[Collected data]
fun cross :: "cvec \<Rightarrow> cvec \<Rightarrow> cvec" where
  "cross (a1, a2, a3) (b1, b2, b3) = (a2 * b3 - a3 * b2, a3 * b1 - a1 * b3, a1 * b2 - a2 * b1)"

definition det3 :: "cvec \<Rightarrow> cvec \<Rightarrow> cvec \<Rightarrow> complex" where
  "det3 u v w = dot (cross u v) w"

lemma dot_commute: "dot u v = dot v u"
  by (cases u; cases v) (simp add: algebra_simps)

lemma dot_smult3: "dot (smult3 c u) v = c * dot u v"
  by (cases u; cases v) (simp add: smult3_def algebra_simps)

lemma smult3_smult3: "smult3 a (smult3 b u) = smult3 (a * b) u"
  by (cases u) (simp add: smult3_def)

lemma smult3_one: "smult3 1 u = u"
  by (cases u) (simp add: smult3_def)

lemma cross_smult3_self: "cross u (smult3 t u) = (0, 0, 0)"
  by (cases u) (simp add: smult3_def algebra_simps)

lemma smult3_dot_eq_if_cross_eq_zero:
  assumes "cross u v = (0, 0, 0)"
  shows "smult3 (dot u w) v = smult3 (dot v w) u"
proof -
  obtain u1 u2 u3 v1 v2 v3 w1 w2 w3
    where uvw: "u = (u1, u2, u3)" "v = (v1, v2, v3)" "w = (w1, w2, w3)"
    by (cases u; cases v; cases w) auto
  with assms have "u2 * v3 = u3 * v2" "u3 * v1 = u1 * v3" "u1 * v2 = u2 * v1"
    by simp_all
  then show ?thesis
    by (simp add: uvw smult3_def) (intro conjI; algebra)
qed

lemma cross_eq_zero_imp_smult3:
  assumes u: "u \<noteq> (0, 0, 0)" and uv: "cross u v = (0, 0, 0)"
  shows "\<exists>t. v = smult3 t u"
proof -
  obtain w where w: "dot u w \<noteq> 0"
  proof (cases u)
    case (fields u1 u2 u3)
    with u that[of "(1, 0, 0)"] that[of "(0, 1, 0)"] that[of "(0, 0, 1)"] show thesis by auto
  qed
  have "v = smult3 (1 / dot u w) (smult3 (dot u w) v)"
    using w by (simp add: smult3_smult3 smult3_one)
  also have "\<dots> = smult3 (dot v w / dot u w) u"
    by (simp add: smult3_dot_eq_if_cross_eq_zero[OF uv] smult3_smult3)
  finally show ?thesis ..
qed

lemma cross_cross_eq_zero:
  assumes "dot p l = 0" "dot p m = 0"
  shows "cross p (cross l m) = (0, 0, 0)"
proof -
  obtain p1 p2 p3 l1 l2 l3 m1 m2 m3
    where plm: "p = (p1, p2, p3)" "l = (l1, l2, l3)" "m = (m1, m2, m3)"
    by (cases p; cases l; cases m) auto
  with assms have "p1 * l1 + p2 * l2 + p3 * l3 = 0" "p1 * m1 + p2 * m2 + p3 * m3 = 0"
    by simp_all
  then show ?thesis
    by (simp add: plm) (intro conjI; algebra)
qed

lemma incid_iff_dot: "incid p l \<longleftrightarrow> dot p l = 0"
  by (cases p; cases l) (simp add: incid_def algebra_simps)

lemma incid_smult3: "c \<noteq> 0 \<Longrightarrow> incid (smult3 c p) l \<longleftrightarrow> incid p l"
  by (simp add: incid_iff_dot dot_smult3)

lemma self_in_proj_class: "u \<in> proj_class u"
  unfolding proj_class_def by (rule CollectI, rule exI[of _ 1]) (simp add: smult3_one)

lemma proj_class_smult3: "c \<noteq> 0 \<Longrightarrow> proj_class (smult3 c u) = proj_class u"
  unfolding proj_class_def
proof (intro set_eqI iffI; clarsimp)
  fix d :: complex assume "c \<noteq> 0" "d \<noteq> 0"
  then show "\<exists>e. e \<noteq> 0 \<and> smult3 d (smult3 c u) = smult3 e u"
    by (intro exI[of _ "d * c"]) (simp add: smult3_smult3)
next
  fix d :: complex assume "c \<noteq> 0" "d \<noteq> 0"
  then show "\<exists>e. e \<noteq> 0 \<and> smult3 d u = smult3 e (smult3 c u)"
    by (intro exI[of _ "d / c"]) (simp add: smult3_smult3)
qed

lemma proj_class_eq_iff_cross_eq_zero:
  assumes u: "u \<noteq> (0, 0, 0)" and v: "v \<noteq> (0, 0, 0)"
  shows "proj_class u = proj_class v \<longleftrightarrow> cross u v = (0, 0, 0)"
proof
  assume "proj_class u = proj_class v"
  then obtain c where "v = smult3 c u"
    using self_in_proj_class[of v] unfolding proj_class_def by auto
  then show "cross u v = (0, 0, 0)" by (simp add: cross_smult3_self)
next
  assume "cross u v = (0, 0, 0)"
  then obtain t where t: "v = smult3 t u" using cross_eq_zero_imp_smult3 u by blast
  with v have "t \<noteq> 0" by (cases u) (auto simp: smult3_def)
  with t show "proj_class u = proj_class v" by (simp add: proj_class_smult3)
qed

lemma incid_if_proj_class_eq:
  assumes "proj_class p = proj_class q" "incid q l"
  shows "incid p l"
proof -
  obtain c where "c \<noteq> 0" "p = smult3 c q"
    using self_in_proj_class[of p] assms(1) unfolding proj_class_def by auto
  with assms(2) show ?thesis by (simp add: incid_smult3)
qed

lemma cross_eq_smult3_if_incid:
  assumes "p \<noteq> (0, 0, 0)" "incid p l" "incid p m"
  shows "\<exists>t. cross l m = smult3 t p"
proof -
  have "cross p (cross l m) = (0, 0, 0)"
    using assms cross_cross_eq_zero by (simp add: incid_iff_dot)
  then show ?thesis by (rule cross_eq_zero_imp_smult3[OF assms(1)])
qed

lemma proj_class_eq_if_incid_both:
  assumes lm: "cross l m \<noteq> (0, 0, 0)" and "p \<noteq> (0, 0, 0)" "q \<noteq> (0, 0, 0)"
    and "incid p l" "incid p m" "incid q l" "incid q m"
  shows "proj_class p = proj_class q"
proof -
  obtain t s where t: "cross l m = smult3 t p" and s: "cross l m = smult3 s q"
    using cross_eq_smult3_if_incid assms by metis
  with lm have "t \<noteq> 0" "s \<noteq> 0" by (auto simp: smult3_def)
  then have "q = smult3 (t / s) p"
    using arg_cong[OF trans[OF s[symmetric] t], of "smult3 (1 / s)"] by (simp add: smult3_smult3 smult3_one)
  with \<open>t \<noteq> 0\<close> \<open>s \<noteq> 0\<close> show ?thesis by (simp add: proj_class_smult3)
qed

lemma incid_if_det3_eq_zero:
  assumes "cross l m \<noteq> (0, 0, 0)" "p \<noteq> (0, 0, 0)" "incid p l" "incid p m" "det3 l m n = 0"
  shows "incid p n"
proof -
  obtain t where t: "cross l m = smult3 t p" using cross_eq_smult3_if_incid assms by blast
  with assms(1) have "t \<noteq> 0" by (auto simp: smult3_def)
  moreover have "det3 l m n = t * dot p n" by (simp add: det3_def t dot_smult3)
  ultimately show ?thesis using assms(5) by (simp add: incid_iff_dot)
qed

lemma det3_eq_zero_if_collinear:
  assumes "k \<noteq> (0, 0, 0)" "incid p k" "incid q k" "incid r k"
  shows "det3 p q r = 0"
proof -
  have "cross k (cross p q) = (0, 0, 0)"
    using assms cross_cross_eq_zero by (simp add: incid_iff_dot dot_commute)
  then obtain t where "cross p q = smult3 t k" using cross_eq_zero_imp_smult3 assms(1) by blast
  moreover have "dot k r = 0" using assms(4) by (simp add: incid_iff_dot dot_commute)
  ultimately show ?thesis by (simp add: det3_def dot_smult3)
qed

lemma det3_smult3: "det3 (smult3 s1 u) (smult3 s2 v) (smult3 s3 w) = s1 * s2 * s3 * det3 u v w"
  by (cases u; cases v; cases w) (simp add: det3_def smult3_def algebra_simps)

lemma det3_cross_eq_zero_if_meets_collinear:
  assumes "k \<noteq> (0, 0, 0)" "p \<noteq> (0, 0, 0)" "q \<noteq> (0, 0, 0)" "r \<noteq> (0, 0, 0)"
    and "incid p l1" "incid p m1" "incid q l2" "incid q m2" "incid r l3" "incid r m3"
    and "incid p k" "incid q k" "incid r k"
  shows "det3 (cross l1 m1) (cross l2 m2) (cross l3 m3) = 0"
proof -
  obtain t1 t2 t3 where "cross l1 m1 = smult3 t1 p" "cross l2 m2 = smult3 t2 q" "cross l3 m3 = smult3 t3 r"
    using cross_eq_smult3_if_incid assms by metis
  with det3_eq_zero_if_collinear[of k p q r] assms show ?thesis by (simp add: det3_smult3)
qed

section \<open>Five collinearities force a coincidence\<close>

fun apply_rows :: "cvec \<Rightarrow> cvec \<Rightarrow> cvec \<Rightarrow> cvec \<Rightarrow> cvec" where
  "apply_rows r1 r2 r3 v = (dot v r1, dot v r2, dot v r3)"

lemma det3_apply_rows:
  "det3 (apply_rows r1 r2 r3 u) (apply_rows r1 r2 r3 v) (apply_rows r1 r2 r3 w) = det3 r1 r2 r3 * det3 u v w"
  by (cases r1; cases r2; cases r3; cases u; cases v; cases w) (simp add: det3_def algebra_simps)

lemma det3_adjugate: "det3 (cross b c) (cross c a) (cross a b) = (det3 a b c)\<^sup>2"
  by (cases a; cases b; cases c) (simp add: det3_def algebra_simps power2_eq_square)

lemma det3_cross_cross_cross:
  "det3 (cross a b) (cross c d) (cross e f) = det3 c d f * det3 a b e - det3 c d e * det3 a b f"
  by (cases a; cases b; cases c; cases d; cases e; cases f) (simp add: det3_def algebra_simps)

lemma det3_repeated: "det3 a a x = 0" "det3 a x a = 0" "det3 x a a = 0"
  by (cases a; cases x; simp add: det3_def algebra_simps)+

lemma det3_rotate: "det3 u v w = det3 v w u"
  by (cases u; cases v; cases w) (simp add: det3_def algebra_simps)

lemma det3_cross_commute: "det3 x y (cross v u) = - det3 x y (cross u v)"
  by (cases x; cases y; cases u; cases v) (simp add: det3_def algebra_simps)

lemma apply_rows_cross:
  "apply_rows (smult3 s1 (cross b c)) (smult3 s2 (cross c a)) (smult3 s3 (cross a b)) v
   = (s1 * det3 v b c, s2 * det3 a v c, s3 * det3 a b v)"
  by (cases a; cases b; cases c; cases v) (simp add: det3_def smult3_def algebra_simps)

lemma cross_eq_zero_if_cross_apply_rows_eq_zero:
  assumes r: "det3 r1 r2 r3 \<noteq> 0"
    and uv: "cross (apply_rows r1 r2 r3 u) (apply_rows r1 r2 r3 v) = (0, 0, 0)"
  shows "cross u v = (0, 0, 0)"
proof -
  have "det3 (apply_rows r1 r2 r3 u) (apply_rows r1 r2 r3 v) (apply_rows r1 r2 r3 w) = 0" for w
    unfolding det3_def uv by simp
  with r have uvw: "det3 u v w = 0" for w by (simp only: det3_apply_rows) simp
  show ?thesis
    using uvw[of "(1, 0, 0)"] uvw[of "(0, 1, 0)"] uvw[of "(0, 0, 1)"]
    by (cases u; cases v) (simp add: det3_def)
qed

#### WHAT YOU NEED TO DO
Scan the records for lines that hold "shows", and reproduce each one you find.

#### SOLVED EXERCISE
  shows "smult3 (dot u w) v = smult3 (dot v w) u"
  shows "\<exists>t. v = smult3 t u"
  shows "cross p (cross l m) = (0, 0, 0)"
  shows "proj_class u = proj_class v \<longleftrightarrow> cross u v = (0, 0, 0)"
  shows "incid p l"
  shows "\<exists>t. cross l m = smult3 t p"
  shows "proj_class p = proj_class q"
  shows "incid p n"
  shows "det3 p q r = 0"
  shows "det3 (cross l1 m1) (cross l2 m2) (cross l3 m3) = 0"
  shows "cross u v = (0, 0, 0)"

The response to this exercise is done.